Doing chores around the house may seem simple, but it can significantly impact your kids’ and teenagers’ lives in ways they may not realize until they are older.
Teenagers can learn essential relationship skills from doing chores, such as teamwork, cooperation, communication, and clarity, and feeling a sense of accomplishment upon completing a task. On top of these skills, they can learn important steps in caring for a family and home, like cleaning, organizing, preparing meals, and gardening.
Even though doing chores isn’t most people’s first choice for spending some time, Eva Carlston Academy reviews that by developing a family chore system is one of the several valuable steps to take when creating a happy family that functions well.
Social and emotional benefits
Doing chores can help a child or teenager feel that their contribution to the family is important. Fostering the desire to feel a sense of accomplishment upon completing even a simple task can help a child or teenager to feel a sense of responsibility and participation.

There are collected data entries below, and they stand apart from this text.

lemma OQLS_iff_perfect_tensor: "OQLS N Psi \<longleftrightarrow> perfect_tensor N Psi"
  unfolding OQLS_def perfect_tensor_def orthonormal_iff_unitary12
    ptrace_rows_eq_rdm12 ptrace_cols_eq_rdm12 delta_id_rdm12_iff_unitary12
  using unitary12_transpose_if_spanning[of N Psi] spanning_if_unitary12_transpose[of N Psi] by blast

lemma AME4_state_of_iff_OQLS:
  assumes "N > 0"
  shows "AME4 N (state_of N Psi) \<longleftrightarrow> OQLS N Psi"
proof -
  have "perfect_tensor N (\<lambda>a b c d. of_nat N * state_of N Psi a b c d) \<longleftrightarrow> perfect_tensor N Psi"
    using assms by (intro perfect_tensor_cong) (simp add: state_of_eq)
  then show ?thesis
    using assms by (simp add: AME4_iff_perfect_tensor OQLS_iff_perfect_tensor)
qed

lemma OQLS_squares_of_iff_AME4:
  assumes "N > 0"
  shows "OQLS N (squares_of N psi) \<longleftrightarrow> AME4 N psi"
proof -
  have "perfect_tensor N (squares_of N psi) \<longleftrightarrow> perfect_tensor N (\<lambda>a b c d. of_nat N * psi a b c d)"
    by (intro perfect_tensor_cong) (simp add: squares_of_eq)
  then show ?thesis
    using assms by (simp add: AME4_iff_perfect_tensor OQLS_iff_perfect_tensor)
qed

lemma state_of_squares_of:
  "N > 0 \<Longrightarrow> a < N \<Longrightarrow> b < N \<Longrightarrow> state_of N (squares_of N psi) a b c d = psi a b c d"
  by (simp add: state_of_eq squares_of_eq)

theorem mainTheorem12:
  fixes N :: nat
  assumes "N \<ge> 2"
  shows "(\<forall>Psi. OQLS N Psi \<longrightarrow> AME4 N (state_of N Psi))
       \<and> (\<forall>psi. AME4 N psi \<longrightarrow>
            OQLS N (squares_of N psi)
          \<and> (\<forall>a<N. \<forall>b<N. \<forall>c<N. \<forall>d<N. psi a b c d = state_of N (squares_of N psi) a b c d))"
proof -
  have "N > 0" using assms by simp
  then show ?thesis
    by (simp add: AME4_state_of_iff_OQLS OQLS_squares_of_iff_AME4 state_of_squares_of)
qed

end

Over time, the repetition of these tasks and the positive outcomes associated with them can leave a child feeling more competent and self-assured. Not only will doing chores help a child or teenager to feel more confident in their daily life, but it can also teach them important lessons in relationships as well.

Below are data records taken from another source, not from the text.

(* Let $B:W_\mathbb{C}\times W_\mathbb{C}\to\mathbb{R}$ be an element of $\mathsf{BIL}$. Then the $2$-cocycle $\Gamma_\ell\times\Gamma_\ell\to\mathcal{O}_\epsilon$, $([h,t],[h',t'])\mapsto B(t,t')$ (constant functions), represents the zero class in $\mathrm{H}^2(\Gamma_\ell,\mathcal{O}_\epsilon)$. That is, the image of $\mathsf{BIL}$ in $\mathrm{H}^2(\Gamma_\ell,\mathcal{O}_\epsilon)$ vanishes.
   Context: Let $\mathbf{k}=\mathbb{Q}(\sqrt d)$ be imaginary quadratic of discriminant $d<0$ inside $\mathbb{C}$, $\delta=\sqrt d$ (principal branch). Let $V$ be a hermitian $\mathbf{k}$-space of signature $(1,n+1)$, $n\ge1$, with form $\langle\cdot,\cdot\rangle$ linear in the left argument, $V_\mathbb{C}=V\otimes\mathbb{C}$; $L$ an even integral full-rank $\mathcal{O}_\mathbf{k}$-lattice with dual $L'$ (w.r.t. the inverse different); $\Gamma$ a finite-index subgroup of the subgroup of $\mathrm{SU}(L)$ acting trivially on $L'/L$. Fix primitive isotropic $\ell\in L$, $\ell'\in L'$ with $\langle\ell,\ell'\rangle\ne0$; $D=L\cap\ell^\perp\cap\ell'^\perp$, $W=D\otimes\mathbf{k}$, $W_\mathbb{C}=W\otimes\mathbb{C}$. Siegel domain $\mathcal{H}=\{(\tau,\sigma)\in\mathbb{C}\times W_\mathbb{C}:2\operatorname{Im}(\tau)|\delta||\langle\ell,\ell'\rangle|^2>-\langle\sigma,\sigma\rangle\}$. The Heisenberg group consists of pairs $[h,t]$ ($h\in\mathbb{Q}$, $t\in W$) with law $[h,t]\circ[h',t']=[h+h'+|\delta|^{-1}\operatorname{Im}\langle t',t\rangle,t+t']$, acting on $\mathcal{H}$ by $[h,0]:(\tau,\sigma)\mapsto(\tau+h,\sigma)$, $[0,t]:(\tau,\sigma)\mapsto(\tau+\frac{\langle\sigma,t\rangle}{\delta\langle\ell',\ell\rangle}+\frac{\langle t,t\rangle}{2\delta},\sigma+\langle\ell',\ell\rangle t)$. $\Gamma_\ell=\Gamma\cap$ Heisenberg group, assumed to equal $\{[h,t]:h\in N\mathbb{Z},t\in D_{\ell,\Gamma}\}$ for some $N\in\mathbb{Q}_{>0}$ and finite-index sublattice $D_{\ell,\Gamma}\subseteq D$. For $\epsilon>0$, $U_\epsilon(\ell)=\{[z]\in\mathbb{P}V_\mathbb{C}:\langle z,z\rangle>0,\ \langle z,z\rangle|\langle\ell',\ell\rangle|^2/|\langle z,\ell\rangle|^2>1/\epsilon\}$, identified with a $\Gamma_\ell$-stable subset of $\mathcal{H}$ via $z(\tau,\sigma)=\ell'-\delta\tau\langle\ell',\ell\rangle\ell+\sigma$. $\mathcal{O}_\epsilon$ is the ring of holomorphic functions on $U_\epsilon(\ell)$ with the $\Gamma_\ell$-action induced from the action on $U_\epsilon(\ell)$; group cohomology is computed with the standard inhomogeneous complex. $\mathsf{BIL}$ is the real vector space of real bilinear forms on $W_\mathbb{C}$ spanned by forms $\operatorname{Im}H$ with $H$ a hermitian form on $W_\mathbb{C}$ and forms $\operatorname{Im}G$ with $G$ a symmetric complex bilinear form on $W_\mathbb{C}$. *)

theory Defs
  imports "HOL-Analysis.Analysis" "HOL-Computational_Algebra.Squarefree"
begin

definition imag_quad_disc :: "int \<Rightarrow> bool" where
  "imag_quad_disc d \<longleftrightarrow> d < 0 \<and>
     ((d mod 4 = 1 \<and> squarefree d) \<or>
      (d mod 4 = 0 \<and> squarefree (d div 4) \<and> (d div 4) mod 4 \<in> {2, 3}))"

definition qdelta :: "int \<Rightarrow> complex" where
  "qdelta d = csqrt (of_int d)"

definition kfield :: "int \<Rightarrow> complex set" where
  "kfield d = {of_rat a + of_rat b * qdelta d | a b. True}"

definition Ok :: "int \<Rightarrow> complex set" where
  "Ok d = {of_int a + of_int b * ((of_int d + qdelta d) / 2) | a b. True}"

definition inv_diff :: "int \<Rightarrow> complex set" where
  "inv_diff d = {a / qdelta d | a. a \<in> Ok d}"

text \<open>V_C = complex^'m; V = the k-rational points (for the standard basis);
  the hermitian form is given by a Gram matrix A, linear in the left argument.\<close>
definition hform :: "complex^'m^'m \<Rightarrow> complex^'m \<Rightarrow> complex^'m \<Rightarrow> complex" where
  "hform A x y = (\<Sum>i\<in>UNIV. \<Sum>j\<in>UNIV. x$i * A$i$j * cnj (y$j))"

definition kpoints :: "int \<Rightarrow> (complex^'m) set" where
  "kpoints d = {v. \<forall>i. v$i \<in> kfield d}"

definition hermitian_k_form :: "int \<Rightarrow> complex^'m^'m \<Rightarrow> bool" where
  "hermitian_k_form d A \<longleftrightarrow> (\<forall>i j. A$i$j \<in> kfield d \<and> A$j$i = cnj (A$i$j))"

definition herm_signature :: "complex^'m^'m \<Rightarrow> nat \<Rightarrow> nat \<Rightarrow> bool" where
  "herm_signature A p q \<longleftrightarrow> CARD('m) = p + q \<and>
     (\<exists>b :: 'm \<Rightarrow> complex^'m.
        (\<forall>i j. i \<noteq> j \<longrightarrow> hform A (b i) (b j) = 0) \<and>
        (\<forall>i. hform A (b i) (b i) = 1 \<or> hform A (b i) (b i) = -1) \<and>
        card {i. hform A (b i) (b i) = 1} = p \<and>
        card {i. hform A (b i) (b i) = -1} = q)"

definition Ok_span :: "int \<Rightarrow> (complex^'m) set \<Rightarrow> (complex^'m) set" where
  "Ok_span d S = {v. \<exists>F c. finite F \<and> F \<subseteq> S \<and> (\<forall>x\<in>F. c x \<in> Ok d) \<and>
                        v = (\<Sum>x\<in>F. c x *s x)}"

definition full_Ok_lattice :: "int \<Rightarrow> (complex^'m) set \<Rightarrow> bool" where
  "full_Ok_lattice d L \<longleftrightarrow> L \<subseteq> kpoints d \<and>
     (\<exists>S. finite S \<and> L = Ok_span d S) \<and>
     (\<forall>v\<in>kpoints d. \<exists>a::int. a \<noteq> 0 \<and> of_int a *s v \<in> L)"

definition dual_lattice :: "int \<Rightarrow> complex^'m^'m \<Rightarrow> (complex^'m) set \<Rightarrow> (complex^'m) set" where
  "dual_lattice d A L = {x \<in> kpoints d. \<forall>y\<in>L. hform A x y \<in> inv_diff d}"

definition even_integral :: "int \<Rightarrow> complex^'m^'m \<Rightarrow> (complex^'m) set \<Rightarrow> bool" where
  "even_integral d A L \<longleftrightarrow> L \<subseteq> dual_lattice d A L \<and>
     (\<forall>x\<in>L. hform A x x \<in> \<int>)"

definition primitive_in :: "int \<Rightarrow> (complex^'m) set \<Rightarrow> complex^'m \<Rightarrow> bool" where
  "primitive_in d M v \<longleftrightarrow> v \<in> M \<and> v \<noteq> 0 \<and>
     (\<forall>a\<in>kfield d. a *s v \<in> M \<longrightarrow> a \<in> Ok d)"

definition WC :: "complex^'m^'m \<Rightarrow> complex^'m \<Rightarrow> complex^'m \<Rightarrow> (complex^'m) set" where
  "WC A l l' = {s. hform A s l = 0 \<and> hform A s l' = 0}"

Working together with a sibling or as a family unit to complete a task can teach lessons about teamwork and cooperation, as well as ways to communicate clearly with each other. It can also teach valuable lessons about time management and the prioritization of tasks.
According to the Australian parenting website, doing chores can actually help reduce family stress, and may help your household to function better overall.
Other important life lessons
Not only does doing chores help instill positive routines and cycles in a teenager’s life, but it can also help prepare them for adulthood, so they can feel confident to face the world as an adult when it comes time to leave the house.
Doing chores as a child can help teach important skills to help them later in life, like cooking food for their own future family to eat, cleaning and organizing to support a healthy and hygienic home and atmosphere, and growing food in a garden to make for dinner. From learning how to do the dishes to doing laundry, to cleaning the bathroom, a weekly chore list can do wonders.
Doing chores for teens in therapy
Doing chores is one of the first opportunities for children to learn how to implement positive structure into their life and strive for that feeling of accomplishment associated with completing a task well.
Teens in therapy can implement small changes into their life, which over time can yield big results if followed through with. Many teens in therapy may feel that their lives lack positive structure in their household, and one small change to consider implementing would be developing a chore list to create some structure in daily life.